● **Exercise description**:
In the data below, which lines hold "only"? Copy every one.

● **Supplied information**:
lemma subset_weight_bound_Suc_neg_odd:
  "subset_weight_bound x (K + 1) (- (2 * int m + 1))
    = x ^ (K + 1) * (\<Sum>a\<le>K. inv_qpochhammer (x\<^sup>2) (K - a) * gauss_binomial (x\<^sup>2) (a + 1) m)
      + subset_weight_bound x (K + 1) 1"
proof -
  have "subset_weight_bound x (K + 1) (- (2 * int m + 1))
      = x ^ (K + 1) * (gauss_binomial (x\<^sup>2) 0 m * inv_qpochhammer (x\<^sup>2) (Suc K)
        + (\<Sum>a\<le>K. gauss_binomial (x\<^sup>2) (Suc a) m * inv_qpochhammer (x\<^sup>2) (K - a)))"
    unfolding subset_weight_bound_neg_odd
    by (simp only: Suc_eq_plus1[symmetric] sum.atMost_Suc_shift diff_Suc_Suc diff_zero)
  then show ?thesis
    unfolding subset_weight_bound_def by (simp add: algebra_simps)
qed

lemma sum_subset_weight_bound_neg_odd_head:
  assumes x: "0 \<le> x" "x < 1"
  shows "(\<Sum>i\<le>m. x ^ (2 * i + 1) * subset_weight_bound x K (- (2 * int i + 1)))
    = x ^ (K + 1) * (\<Sum>a\<le>K. inv_qpochhammer (x\<^sup>2) (K - a) * gauss_binomial (x\<^sup>2) (a + 1) m)"
proof -
  have y: "0 \<le> x\<^sup>2" "x\<^sup>2 < 1"
    using x by (auto simp: power_less_one_iff)
  have "x ^ (2 * i + 1) * subset_weight_bound x K (- (2 * int i + 1))
      = (\<Sum>a\<le>K. x ^ (K + 1) * (inv_qpochhammer (x\<^sup>2) (K - a) * ((x\<^sup>2) ^ i * gauss_binomial (x\<^sup>2) a i)))" for i
  proof -
    have pow: "x ^ (2 * i + 1) * x ^ K = x ^ (K + 1) * (x\<^sup>2) ^ i"
      by (simp add: power_add[symmetric] power_mult[symmetric] algebra_simps)
    have "x ^ (2 * i + 1) * subset_weight_bound x K (- (2 * int i + 1))
        = x ^ (K + 1) * (x\<^sup>2) ^ i * (\<Sum>a\<le>K. gauss_binomial (x\<^sup>2) a i * inv_qpochhammer (x\<^sup>2) (K - a))"
      unfolding subset_weight_bound_neg_odd mult.assoc[symmetric] pow ..
    then show ?thesis
      by (simp add: sum_distrib_left algebra_simps)
  qed
  then have "(\<Sum>i\<le>m. x ^ (2 * i + 1) * subset_weight_bound x K (- (2 * int i + 1)))
      = (\<Sum>i\<le>m. \<Sum>a\<le>K. x ^ (K + 1) * (inv_qpochhammer (x\<^sup>2) (K - a) * ((x\<^sup>2) ^ i * gauss_binomial (x\<^sup>2) a i)))"
    by simp
  also have "\<dots> = x ^ (K + 1) * (\<Sum>a\<le>K. inv_qpochhammer (x\<^sup>2) (K - a)
      * (\<Sum>i\<le>m. (x\<^sup>2) ^ i * gauss_binomial (x\<^sup>2) a i))"
    by (subst sum.swap) (simp add: sum_distrib_left)
  finally show ?thesis
    by (simp add: sum_gauss_binomial[OF y])
qed

lemma sum_subset_weight_bound_neg_odd:
  assumes x: "0 \<le> x" "x < 1" and z: "z = - (2 * int m + 1)"
  shows "(\<Sum>j<n. x ^ nat \<bar>z + 2 * int j\<bar> * subset_weight_bound x K (z + 2 * int j))
    \<le> subset_weight_bound x (K + 1) z"
proof -
  define f where "f j = x ^ nat \<bar>z + 2 * int j\<bar> * subset_weight_bound x K (z + 2 * int j)" for j
  have "(\<Sum>j<n. f j) \<le> (\<Sum>j<m + 1. f j) + (\<Sum>j<n - (m + 1). f (j + (m + 1)))"
    using subset_weight_bound_nonneg[OF x] x by (intro sum_lessThan_split_le) (simp add: f_def)
  also have "(\<Sum>j<n - (m + 1). f (j + (m + 1))) \<le> subset_weight_bound x (K + 1) 1"
  proof -
    have "z + 2 * int (j + (m + 1)) = 1 + 2 * int j" for j
      using z by simp
    then have "f (j + (m + 1)) = x ^ nat \<bar>1 + 2 * int j\<bar> * subset_weight_bound x K (1 + 2 * int j)" for j
      unfolding f_def by presburger
    then show ?thesis
      using sum_subset_weight_bound_pos[OF x, where z = 1 and n = "n - (m + 1)" and K = K] by simp
  qed
  also have "(\<Sum>j<m + 1. f j) = (\<Sum>i\<le>m. x ^ (2 * i + 1) * subset_weight_bound x K (- (2 * int i + 1)))"
  proof -
    have "f (m - i) = x ^ (2 * i + 1) * subset_weight_bound x K (- (2 * int i + 1))" if "i \<le> m" for i
    proof -
      have "z + 2 * int (m - i) = - (2 * int i + 1)"
        using z that by auto
      moreover have "nat \<bar>- (2 * int i + 1)\<bar> = 2 * i + 1"
        by simp
      ultimately show ?thesis
        unfolding f_def by (simp only:)
    qed
    then show ?thesis
      using sum.nat_diff_reindex[of f "m + 1"] by (simp add: lessThan_Suc_atMost)
  qed
  finally show ?thesis
    using sum_subset_weight_bound_neg_odd_head[OF x] subset_weight_bound_Suc_neg_odd z
    by (simp add: f_def)
qed

lemma sum_subset_weight_bound_odd:
  assumes x: "0 \<le> x" "x < 1" and z: "odd z"
  shows "(\<Sum>j<n. x ^ nat \<bar>z + 2 * int j\<bar> * subset_weight_bound x K (z + 2 * int j))
    \<le> subset_weight_bound x (K + 1) z"
proof (cases "1 \<le> z")
  case True
  then show ?thesis
    by (rule sum_subset_weight_bound_pos[OF x])
next
  case False
  then have "z = - (2 * int (nat ((- 1 - z) div 2)) + 1)"
    using z by (auto elim!: oddE)
  then show ?thesis
    by (rule sum_subset_weight_bound_neg_odd[OF x])
qed

lemma sum_atLeastAtMost_int_shift:
  fixes g :: "int \<Rightarrow> real"
  shows "(\<Sum>s\<in>{L..U}. g s) = (\<Sum>j<nat (U - L + 1). g (L + int j))"
proof -
  have inj: "inj_on (\<lambda>j. L + int j) {..<nat (U - L + 1)}" by (auto simp: inj_on_def)
  have img: "(\<lambda>j. L + int j) ` {..<nat (U - L + 1)} = {L..U}"
  proof
    show "(\<lambda>j. L + int j) ` {..<nat (U - L + 1)} \<subseteq> {L..U}" by auto
    show "{L..U} \<subseteq> (\<lambda>j. L + int j) ` {..<nat (U - L + 1)}"
    proof
      fix s assume "s \<in> {L..U}"
      then have "s = L + int (nat (s - L))" "nat (s - L) < nat (U - L + 1)" by auto
      then show "s \<in> (\<lambda>j. L + int j) ` {..<nat (U - L + 1)}" by blast
    qed
  qed
  show ?thesis using sum.reindex[OF inj, of g] img by simp
qed

lemma sum_ksubsets_displacement_le:
  assumes x: "0 \<le> x" "x < 1"
  shows "odd h \<Longrightarrow> (\<Sum>S\<in>ksubsets L U K. x ^ displacement h S) \<le> subset_weight_bound x K (2 * L + h)"
proof (induction K arbitrary: L h)
  case 0
  have "0 \<le> x\<^sup>2" "x\<^sup>2 < 1"
    using x by (auto simp: power_less_one_iff)
  then show ?case
    using gauss_binomial_0_right by (simp add: ksubsets_0 displacement_empty subset_weight_bound_def)
next
  case (Suc K)
  have "(\<Sum>S\<in>ksubsets L U (Suc K). x ^ displacement h S)
      \<le> (\<Sum>s\<in>{L..U}. x ^ nat \<bar>2 * s + h\<bar> * subset_weight_bound x K (2 * s + h))"
    unfolding sum_ksubsets_Suc_displacement
  proof (intro sum_mono mult_left_mono)
    fix s
    have "odd (h - 2)"
      using Suc.prems by simp
    then have "(\<Sum>S\<in>ksubsets (s + 1) U K. x ^ displacement (h - 2) S)
        \<le> subset_weight_bound x K (2 * (s + 1) + (h - 2))"
      by (rule Suc.IH)
    then show "(\<Sum>S\<in>ksubsets (s + 1) U K. x ^ displacement (h - 2) S)
        \<le> subset_weight_bound x K (2 * s + h)"
      by simp
  qed (use x in simp)
  also have "\<dots> = (\<Sum>j<nat (U - L + 1). x ^ nat \<bar>(2 * L + h) + 2 * int j\<bar>
      * subset_weight_bound x K ((2 * L + h) + 2 * int j))"
    by (simp add: sum_atLeastAtMost_int_shift algebra_simps)
  also have "\<dots> \<le> subset_weight_bound x (K + 1) (2 * L + h)"
    using Suc.prems by (intro sum_subset_weight_bound_odd[OF x]) simp
  finally show ?case
    by simp
qed

lemma subset_weight_bound_le:
  assumes x: "0 \<le> x" "x < 1"
  shows "subset_weight_bound x K z \<le> real (K + 1) * x ^ K * euler_bound (x\<^sup>2) ^ 2"
proof -
  let ?E = "euler_bound (x\<^sup>2)"
  have y: "0 \<le> x\<^sup>2" "x\<^sup>2 < 1"
    using x by (auto simp: power_less_one_iff)
  have A: "inv_qpochhammer (x\<^sup>2) a \<le> ?E" "0 \<le> inv_qpochhammer (x\<^sup>2) a" for a
    using inv_qpochhammer_le_euler_bound[OF y] inv_qpochhammer_pos[OF y] less_imp_le by blast+
  have N: "gauss_binomial (x\<^sup>2) a m \<le> ?E" "0 \<le> gauss_binomial (x\<^sup>2) a m" for a m
    using gauss_binomial_le_inv_qpochhammer[OF y] A gauss_binomial_nonneg[OF y] order_trans by blast+
  have E: "1 \<le> ?E"
    by (rule euler_bound_ge_1[OF y])
  show ?thesis
  proof (cases "1 \<le> z")
    case True
    have "x ^ (K * nat z) \<le> x ^ K"
      using True x by (intro power_decreasing) auto
    moreover have "inv_qpochhammer (x\<^sup>2) K \<le> real (K + 1) * ?E * ?E"
    proof -
      have "1 * 1 \<le> real (K + 1) * ?E"
        using E by (intro mult_mono) auto
      then show ?thesis
        using A[of K] E mult_mono[of 1 "real (K + 1) * ?E" "inv_qpochhammer (x\<^sup>2) K" ?E] by simp
    qed
    ultimately have "x ^ (K * nat z) * inv_qpochhammer (x\<^sup>2) K \<le> x ^ K * (real (K + 1) * ?E * ?E)"
      using A x by (intro mult_mono) auto
    then show ?thesis
      unfolding subset_weight_bound_def using True by (simp add: algebra_simps power2_eq_square)
  next
    case False
    have "(\<Sum>a\<le>K. gauss_binomial (x\<^sup>2) a (nat ((- 1 - z) div 2)) * inv_qpochhammer (x\<^sup>2) (K - a))
        \<le> (\<Sum>a\<le>K. ?E * ?E)"
      using A N E by (intro sum_mono mult_mono) auto
    also have "\<dots> = real (K + 1) * ?E ^ 2"
      by (simp add: power2_eq_square)
    finally have "x ^ K * (\<Sum>a\<le>K. gauss_binomial (x\<^sup>2) a (nat ((- 1 - z) div 2))
        * inv_qpochhammer (x\<^sup>2) (K - a))
        \<le> x ^ K * (real (K + 1) * ?E ^ 2)"
      using x by (intro mult_left_mono) auto
    then show ?thesis
      unfolding subset_weight_bound_def using False by (simp add: algebra_simps)
  qed
qed

section \<open>Reversing a block\<close>

definition glue :: "int \<Rightarrow> int \<Rightarrow> (int \<Rightarrow> int) \<Rightarrow> (int \<Rightarrow> int) \<Rightarrow> int \<Rightarrow> int" where
  "glue a b \<alpha> \<beta> = (\<lambda>i. if i \<in> {a..b} then a + b - i else \<alpha> (\<beta> i))"

context
  fixes n a b :: int
  assumes an: "- n \<le> a" and bn: "b \<le> n" and ab: "a \<le> b + 1"
begin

● **Solved exercise**:
    by (simp only: Suc_eq_plus1[symmetric] sum.atMost_Suc_shift diff_Suc_Suc diff_zero)
        unfolding f_def by (simp only:)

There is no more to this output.